I believe that this procedure turns the dictation into a meaningful listening task; students are exposed to whole chunks/sentences, and they need to pay attention to the context, otherwise they won’t be able to pinpoint the last word. What’s more, while listening, they are forced to ‘replay’ bits and pieces of the text in the heads and they make quick, little choices before they finally zoom in on the word they are looking for. If possible, I deliberately select words that need to be practised – either because they were encountered in the previous lesson for the first time or because of their tricky spelling.

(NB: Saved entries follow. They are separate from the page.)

lemma sparing_number_gear_fourth:
  assumes "n \<ge> 3"
  shows "sparing_number (gear_vertices n) (power_edges (gear_vertices n) (gear_edges n) 4)
    = n * (2 * n - 1)"
proof -
  have "independent_set (gear_power_adj n 4) {0}" unfolding independent_set_def by simp
  moreover have "(\<Sum>s\<in>{0}. degree {0..2 * n} (gear_power_adj n 4) s) = 2 * n"
    by (simp, intro degree_gear_power_universal gear_dist_le_4) simp
  ultimately have "2 * sparing_number (gear_vertices n)
      (power_edges (gear_vertices n) (gear_edges n) 4)
      + 2 * (2 * n) = (\<Sum>s\<in>{0..2 * n}. degree {0..2 * n} (gear_power_adj n 4) s)"
    by (intro twice_sparing_number_gear_power[OF assms _ _ _ max_weight_gear_fourth]) auto
  then have "2 * sparing_number (gear_vertices n)
      (power_edges (gear_vertices n) (gear_edges n) 4)
      + 2 * (2 * n) = (2 * n + 1) * (2 * n)"
    by (simp only: degree_sum_gear_fourth)
  moreover obtain m where "n = Suc m" using assms by (cases n) auto
  ultimately show ?thesis by (simp add: algebra_simps)
qed

theorem mainTheorem10:
  fixes n :: nat
  assumes "n \<ge> 3"
  shows "real (sparing_number (gear_vertices n) (power_edges (gear_vertices n) (gear_edges n) 2)) =
           (if even n then (real ((n + 1)^2) + 5) / 2 else real ((n + 1)^2) / 2) \<and>
         real (sparing_number (gear_vertices n) (power_edges (gear_vertices n) (gear_edges n) 3)) =
           (if even n then real (n * (n + 1)) else real (2 * n^2 + 3 * n + 3) / 2) \<and>
         sparing_number (gear_vertices n) (power_edges (gear_vertices n) (gear_edges n) 4) =
           n * (2 * n - 1)"
proof -
  have half: "real x = real y / 2" if "2 * x = y" for x y :: nat
    using that by linarith
  show ?thesis
    using half[OF twice_sparing_number_gear_square[OF assms]]
      half[OF twice_sparing_number_gear_cube[OF assms]] sparing_number_gear_fourth[OF assms]
    by (simp split: if_splits)
qed

end
definition rsubgraph :: "('v,'e,'lv,'le) rgraph \<Rightarrow> ('v,'e,'lv,'le) rgraph \<Rightarrow> bool" where
  "rsubgraph K L \<longleftrightarrow> rnodes K \<subseteq> rnodes L \<and> redges K \<subseteq> redges L
     \<and> (\<forall>e\<in>redges K. rsrc K e = rsrc L e \<and> rtgt K e = rtgt L e \<and> relab K e = relab L e)
     \<and> rnlab K \<subseteq>\<^sub>m rnlab L \<and> rroot K \<subseteq>\<^sub>m rroot L"

definition rrule :: "('a,'b,'lv,'le) rgraph \<Rightarrow> ('a,'b,'lv,'le) rgraph \<Rightarrow> ('a,'b,'lv,'le) rgraph \<Rightarrow> bool" where
  "rrule L K R \<longleftrightarrow> tlrg L \<and> tlrg R \<and> rwf K \<and> rsubgraph K L \<and> rsubgraph K R"

definition rmorph :: "('a,'b,'lv,'le) rgraph \<Rightarrow> ('v,'e,'lv,'le) rgraph \<Rightarrow> ('a \<Rightarrow> 'v) \<Rightarrow> ('b \<Rightarrow> 'e) \<Rightarrow> bool" where
  "rmorph L G gV gE \<longleftrightarrow> gV ` rnodes L \<subseteq> rnodes G \<and> gE ` redges L \<subseteq> redges G
     \<and> (\<forall>e\<in>redges L. rsrc G (gE e) = gV (rsrc L e) \<and> rtgt G (gE e) = gV (rtgt L e)
                      \<and> relab G (gE e) = relab L e)
     \<and> (\<forall>v\<in>rnodes L. \<forall>l. rnlab L v = Some l \<longrightarrow> rnlab G (gV v) = Some l)
     \<and> (\<forall>v\<in>rnodes L. \<forall>b. rroot L v = Some b \<longrightarrow> rroot G (gV v) = Some b)"

definition riso :: "('v,'e,'lv,'le) rgraph \<Rightarrow> ('w,'f,'lv,'le) rgraph \<Rightarrow> bool" where
  "riso G H \<longleftrightarrow> (\<exists>fV fE. bij_betw fV (rnodes G) (rnodes H) \<and> bij_betw fE (redges G) (redges H)
     \<and> (\<forall>e\<in>redges G. rsrc H (fE e) = fV (rsrc G e) \<and> rtgt H (fE e) = fV (rtgt G e)
                      \<and> relab H (fE e) = relab G e)
     \<and> (\<forall>v\<in>rnodes G. rnlab H (fV v) = rnlab G v \<and> rroot H (fV v) = rroot G v))"

definition rresult :: "('v,'e,'lv,'le) rgraph \<Rightarrow> ('a,'b,'lv,'le) rgraph \<Rightarrow> ('a,'b,'lv,'le) rgraph
     \<Rightarrow> ('a,'b,'lv,'le) rgraph \<Rightarrow> ('a \<Rightarrow> 'v) \<Rightarrow> ('b \<Rightarrow> 'e) \<Rightarrow> ('v + 'a, 'e + 'b, 'lv, 'le) rgraph" where
  "rresult G L K R gV gE =
   (let
      cod = (\<lambda>x. if x \<in> rnodes K then Inl (gV x) else Inr x);
      kinv = (\<lambda>v. the_inv_into (rnodes L) gV v)
    in
   \<lparr> rnodes = Inl ` (rnodes G - gV ` (rnodes L - rnodes K)) \<union> Inr ` (rnodes R - rnodes K),
     redges = Inl ` (redges G - gE ` (redges L - redges K)) \<union> Inr ` (redges R - redges K),
     rsrc = case_sum (\<lambda>e. Inl (rsrc G e)) (\<lambda>e. cod (rsrc R e)),
     rtgt = case_sum (\<lambda>e. Inl (rtgt G e)) (\<lambda>e. cod (rtgt R e)),
     rnlab = case_sum
        (\<lambda>v. if v \<in> gV ` {k \<in> rnodes K. rnlab K k = None} then rnlab R (kinv v) else rnlab G v)
        (\<lambda>v. rnlab R v),
     relab = case_sum (\<lambda>e. relab G e) (\<lambda>e. relab R e),
     rroot = case_sum
        (\<lambda>v. if v \<in> gV ` {k \<in> rnodes K. rroot K k = None} then rroot R (kinv v) else rroot G v)
        (\<lambda>v. rroot R v) \<rparr>)"
lemma kron_mult_max_ent:
  assumes M: "M \<in> carrier_mat p n" and N: "N \<in> carrier_mat q m"
    and v: "\<And>j. j < d \<Longrightarrow> v j \<in> carrier_vec n" and w: "\<And>j. j < d \<Longrightarrow> w j \<in> carrier_vec m"
  shows "kron M N *\<^sub>v max_ent n m d v w = max_ent p q d (\<lambda>j. M *\<^sub>v v j) (\<lambda>j. N *\<^sub>v w j)"
proof (rule eq_vecI)
  show "dim_vec (kron M N *\<^sub>v max_ent n m d v w) = dim_vec (max_ent p q d (\<lambda>j. M *\<^sub>v v j) (\<lambda>j. N *\<^sub>v w j))"
    using kron_carrier_mat[OF M N] by simp
  fix r assume "r < dim_vec (max_ent p q d (\<lambda>j. M *\<^sub>v v j) (\<lambda>j. N *\<^sub>v w j))"
  then have r: "r < p * q" by simp
  let ?s = "complex_of_real (1 / sqrt (real d))"
  have MN: "kron M N \<in> carrier_mat (p * q) (n * m)" by (rule kron_carrier_mat[OF M N])
  have max_ent: "max_ent n m d v w \<in> carrier_vec (n * m)"
    unfolding carrier_vec_def by simp
  have "(kron M N *\<^sub>v max_ent n m d v w) $ r = (\<Sum>c<n * m. kron M N $$ (r, c) * max_ent n m d v w $ c)"
    by (rule index_mult_mat_vec_sum[OF MN max_ent r])
  also have "\<dots> = (\<Sum>c<n * m. kron M N $$ (r, c) * (?s * (\<Sum>j<d. kron_vec (v j) (w j) $ c)))"
    by (intro sum.cong) (auto simp: index_max_ent)
  also have "\<dots> = ?s * (\<Sum>j<d. \<Sum>c<n * m. kron M N $$ (r, c) * kron_vec (v j) (w j) $ c)"
    by (simp add: sum_distrib_left sum_distrib_right mult_ac sum.swap[of _ "{..<d}"])
  also have "\<dots> = ?s * (\<Sum>j<d. kron_vec (M *\<^sub>v v j) (N *\<^sub>v w j) $ r)"
  proof -
    have "(\<Sum>c<n * m. kron M N $$ (r, c) * kron_vec (v j) (w j) $ c) = kron_vec (M *\<^sub>v v j) (N *\<^sub>v w j) $ r"
      if "j < d" for j
      using index_mult_mat_vec_sum[OF MN kron_vec_carrier_vec[OF v w] r, symmetric]
        kron_mult_kron_vec[OF M N v w] that by simp
    then show ?thesis by simp
  qed
  also have "\<dots> = max_ent p q d (\<lambda>j. M *\<^sub>v v j) (\<lambda>j. N *\<^sub>v w j) $ r"
    using r by (simp add: index_max_ent)
  finally show "(kron M N *\<^sub>v max_ent n m d v w) $ r = max_ent p q d (\<lambda>j. M *\<^sub>v v j) (\<lambda>j. N *\<^sub>v w j) $ r" .
qed
definition perm_mat :: "nat \<Rightarrow> (nat \<Rightarrow> nat) \<Rightarrow> complex mat" where
  "perm_mat n \<sigma> = mat n n (\<lambda>(i, j). if j = \<sigma> i then 1 else 0)"

lemma perm_mat_dims [simp]: "dim_row (perm_mat n \<sigma>) = n" "dim_col (perm_mat n \<sigma>) = n"
  by (simp_all add: perm_mat_def)

lemma perm_mat_carrier: "perm_mat n \<sigma> \<in> carrier_mat n n"
  by (simp add: perm_mat_def)

lemma index_perm_mat [simp]:
  "i < n \<Longrightarrow> j < n \<Longrightarrow> perm_mat n \<sigma> $$ (i, j) = (if j = \<sigma> i then 1 else 0)"
  by (simp add: perm_mat_def)

lemma adj_perm_mat: "adj_mat (perm_mat n \<sigma>) = transpose_mat (perm_mat n \<sigma>)"
  by (rule eq_matI) (auto simp: perm_mat_def)

lemma unitary_perm_mat:
  assumes \<sigma>: "bij_betw \<sigma> {..<n} {..<n}"
  shows "unitary_mat n (perm_mat n \<sigma>)"
proof -
  let ?P = "perm_mat n \<sigma>"
  have \<sigma>_less: "\<sigma> i < n" if "i < n" for i
    using bij_betwE[OF \<sigma>] that by blast
  have \<sigma>_inj: "\<sigma> i = \<sigma> j \<longleftrightarrow> i = j" if "i < n" "j < n" for i j
    using inj_on_eq_iff[OF bij_betw_imp_inj_on[OF \<sigma>]] that by simp
  have "?P * adj_mat ?P = 1\<^sub>m n"
  proof (rule eq_matI)
    fix i j assume "i < dim_row (1\<^sub>m n)" "j < dim_col (1\<^sub>m n)"
    then have i: "i < n" and j: "j < n" by auto
    have "(?P * adj_mat ?P) $$ (i, j) =
        (\<Sum>k<n. (if k = \<sigma> i then 1 else 0) * (if k = \<sigma> j then 1 else 0))"
      using i j by (simp add: adj_perm_mat scalar_prod_def lessThan_atLeast0)
    then show "(?P * adj_mat ?P) $$ (i, j) = 1\<^sub>m n $$ (i, j)"
      using i j \<sigma>_less \<sigma>_inj by (simp add: sum_delta_mult)
  qed auto
  moreover have "adj_mat ?P * ?P = 1\<^sub>m n"
  proof (rule eq_matI)
    fix i j assume "i < dim_row (1\<^sub>m n)" "j < dim_col (1\<^sub>m n)"
    then have i: "i < n" and j: "j < n" by auto
    let ?\<delta> = "\<lambda>l. (if l = i then 1 else 0) * (if l = j then 1 else 0) :: complex"
    have "(adj_mat ?P * ?P) $$ (i, j) = (\<Sum>k<n. ?\<delta> (\<sigma> k))"
      using i j by (simp add: adj_perm_mat scalar_prod_def lessThan_atLeast0, intro sum.cong) auto
    also have "\<dots> = (\<Sum>l<n. ?\<delta> l)"
      by (rule sum.reindex_bij_betw[OF \<sigma>])
    finally show "(adj_mat ?P * ?P) $$ (i, j) = 1\<^sub>m n $$ (i, j)"
      using i j by (simp add: sum_delta_mult)
  qed auto
  ultimately show ?thesis
    by (simp add: unitary_mat_def perm_mat_carrier)
qed

lemma perm_mat_conj_diag:
  assumes \<sigma>: "bij_betw \<sigma> {..<n} {..<n}"
  shows "perm_mat n \<sigma> * mat_diag n f * transpose_mat (perm_mat n \<sigma>) = mat_diag n (\<lambda>k. f (\<sigma> k))"
proof (rule eq_matI)
  let ?P = "perm_mat n \<sigma>"
  fix i j assume "i < dim_row (mat_diag n (\<lambda>k. f (\<sigma> k)))" "j < dim_col (mat_diag n (\<lambda>k. f (\<sigma> k)))"
  then have i: "i < n" and j: "j < n" by (simp_all add: mat_diag_def)
  have \<sigma>_i: "\<sigma> i < n"
    using bij_betwE[OF \<sigma>] i by blast
  have \<sigma>_inj: "\<sigma> i = \<sigma> j \<longleftrightarrow> i = j"
    using inj_on_eq_iff[OF bij_betw_imp_inj_on[OF \<sigma>]] i j by simp
  have "?P * mat_diag n f = mat n n (\<lambda>(i, j). ?P $$ (i, j) * f j)"
    by (rule mat_diag_mult_right[OF perm_mat_carrier])
  then have "(?P * mat_diag n f * transpose_mat ?P) $$ (i, j) =
      (\<Sum>k<n. (if k = \<sigma> i then 1 else 0) * (f k * (if k = \<sigma> j then 1 else 0)))"
    using i j by (simp add: scalar_prod_def lessThan_atLeast0 mult.assoc)
  also have "\<dots> = f (\<sigma> i) * (if \<sigma> i = \<sigma> j then 1 else 0)"
    using \<sigma>_i by (rule sum_delta_mult)
  also have "\<dots> = mat_diag n (\<lambda>k. f (\<sigma> k)) $$ (i, j)"
    using i j \<sigma>_inj by (simp add: mat_diag_def)
  finally show "(?P * mat_diag n f * transpose_mat ?P) $$ (i, j) =
      mat_diag n (\<lambda>k. f (\<sigma> k)) $$ (i, j)" .
qed (simp_all add: mat_diag_def)

lemma LU_equiv_sym:
  assumes M: "M \<in> carrier_mat n n" and "LU_equiv n n M N"
  shows "LU_equiv n n N M"
proof -
  obtain U V where U: "unitary_mat n U" and V: "unitary_mat n V" and N: "U * M * transpose_mat V = N"
    using assms(2) unfolding LU_equiv_def by blast
  have W: "unitary_mat n (transpose_mat V)"
    using unitary_mat_transpose[OF V] .
  note Uc = unitary_matD[OF U] and Wc = unitary_matD[OF W]
  have "adj_mat U * N * transpose_mat (adj_mat V) =
      adj_mat U * (U * (M * (transpose_mat V * adj_mat (transpose_mat V))))"
    unfolding N[symmetric] using M Uc(1,2) Wc(1,2)
    by (simp add: adj_mat_transpose assoc_mult_mat[of _ n n _ n _ n])
  also have "\<dots> = M"
    using M Wc by (simp add: unitary_mat_cancel[OF U])
  finally show ?thesis
    unfolding LU_equiv_def using unitary_mat_adj[OF U] unitary_mat_adj[OF V] by blast
qed

lemma LU_equiv_trans:
  assumes M: "M \<in> carrier_mat n n" and "LU_equiv n n M N" and "LU_equiv n n N K"
  shows "LU_equiv n n M K"
proof -
  obtain U V where U: "unitary_mat n U" and V: "unitary_mat n V" and N: "U * M * transpose_mat V = N"
    using assms(2) unfolding LU_equiv_def by blast
  obtain U' V' where U': "unitary_mat n U'" and V': "unitary_mat n V'" and K: "U' * N * transpose_mat V' = K"
    using assms(3) unfolding LU_equiv_def by blast
  note c = unitary_matD(1)[OF U] unitary_matD(1)[OF V] unitary_matD(1)[OF U'] unitary_matD(1)[OF V']
  have "(U' * U) * M * transpose_mat (V' * V) = K"
    unfolding K[symmetric] N[symmetric] using M c
    by (simp add: transpose_mult[of _ n n] assoc_mult_mat[of _ n n _ n _ n])
  then show ?thesis
    unfolding LU_equiv_def using unitary_mat_mult[OF U' U] unitary_mat_mult[OF V' V] by blast
qed

lemma LU_equiv_perm_diag:
  assumes "bij_betw \<sigma> {..<n} {..<n}"
  shows "LU_equiv n n (mat_diag n f) (mat_diag n (\<lambda>k. f (\<sigma> k)))"
  unfolding LU_equiv_def using unitary_perm_mat[OF assms] perm_mat_conj_diag[OF assms] by blast

lemma LU_equiv_gram:
  assumes M: "M \<in> carrier_mat n n" and "LU_equiv n n M N"
  shows "\<exists>X. unitary_mat n X \<and> N * adj_mat N = X * (M * adj_mat M) * adj_mat X"
proof -
  obtain U V where U: "unitary_mat n U" and V: "unitary_mat n V" and N: "U * M * transpose_mat V = N"
    using assms(2) unfolding LU_equiv_def by blast
  have W: "unitary_mat n (transpose_mat V)"
    using unitary_mat_transpose[OF V] .
  note Uc = unitary_matD[OF U] and Wc = unitary_matD[OF W]
  have "N * adj_mat N = U * (M * (transpose_mat V * (adj_mat (transpose_mat V) * (adj_mat M * adj_mat U))))"
    unfolding N[symmetric] using M adj_mat_carrier[OF M] Uc(1,2) Wc(1,2)
    by (simp add: adj_mat_mult[of _ n n _ n] assoc_mult_mat[of _ n n _ n _ n])
  also have "\<dots> = U * (M * adj_mat M) * adj_mat U"
    using M adj_mat_carrier[OF M] Uc(1,2)
    by (simp add: unitary_mat_cancel[OF W] assoc_mult_mat[of _ n n _ n _ n])
  finally show ?thesis
    using U by blast
qed

lemma unitary_similar_diag_entry:
  assumes X: "unitary_mat n X" and D: "mat_diag n g = X * mat_diag n f * adj_mat X" and i: "i < n"
  shows "\<exists>k<n. g k = f i"
proof -
  note Xc = unitary_matD[OF X]
  have comm: "mat_diag n g * X = X * mat_diag n f"
    unfolding D using Xc by (simp add: assoc_mult_mat[of _ n n _ n _ n] mult_carrier_mat[of _ n n _ n]
        right_mult_one_mat[OF mat_diag_dim])
  have "\<exists>k<n. X $$ (k, i) \<noteq> 0"
  proof (rule ccontr)
    assume "\<not> (\<exists>k<n. X $$ (k, i) \<noteq> 0)"
    then have "(adj_mat X * X) $$ (i, i) = 0"
      using Xc(1) i by (simp add: scalar_prod_def)
    with Xc(4) i show False
      by simp
  qed
  then obtain k where k: "k < n" "X $$ (k, i) \<noteq> 0"
    by blast
  have "g k * X $$ (k, i) = (mat_diag n g * X) $$ (k, i)"
    using Xc(1) k i by (simp add: mat_diag_mult_left)
  also have "\<dots> = X $$ (k, i) * f i"
    using Xc(1) k i by (simp add: comm mat_diag_mult_right)
  finally show ?thesis
    using k by auto
qed

abbreviation schmidt_diag :: "nat \<Rightarrow> (nat \<Rightarrow> real) \<Rightarrow> complex mat" where
  "schmidt_diag n p \<equiv> mat_diag n (\<lambda>i. complex_of_real (sqrt (p i)))"

lemma schmidt_diag_gram:
  assumes "\<forall>i<n. 0 \<le> p i"
  shows "schmidt_diag n p * adj_mat (schmidt_diag n p) = mat_diag n (\<lambda>i. complex_of_real (p i))"
  unfolding adj_mat_diag mat_diag_diag
  using assms by (auto simp: mat_diag_def simp flip: of_real_mult intro!: eq_matI)

lemma has_sq_schmidt_carrier: "has_sq_schmidt n M p \<Longrightarrow> M \<in> carrier_mat n n"
  by (simp add: has_sq_schmidt_def)

lemma has_sq_schmidt_LU_equiv_diag: "has_sq_schmidt n M p \<Longrightarrow> LU_equiv n n (schmidt_diag n p) M"
  unfolding has_sq_schmidt_def LU_equiv_def by metis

My students like this type of activity because it’s not too challenging – they don’t have to write long stretches of text, which is something they’re used to doing in Czech lessons. Nevertheless, you can obviously ask them to write more than just the last word. You can either ask them to write the first word, which will encourage them to hold each chunk in their memory for a while, or they can write as much as they manage within the time limit between the pauses. Alternatively, to give your learners more freedom, you can allow them to choose words they want to jot down. Later on, you can elaborate on this activity; your students can reconstruct the whole recording/text by completing the bits they’ve recorded. This resembles dictogloss – a classroom activity where learners are required to reconstruct a short text by listening and noting down the key words.

I believe that dictation plays a specific role in an L2 classroom, but it shouldn’t be overused – students need to be exposed to other forms of language practice after all. First of all, the teacher needs to get it clear why s/he wants to use it – is it to practise spelling, vocabulary, listening or something else? Is there a better, a more effective and a more communicative way of practising these language areas/skills or is dictation the right option? These are the decisions that must be made during the planning stage.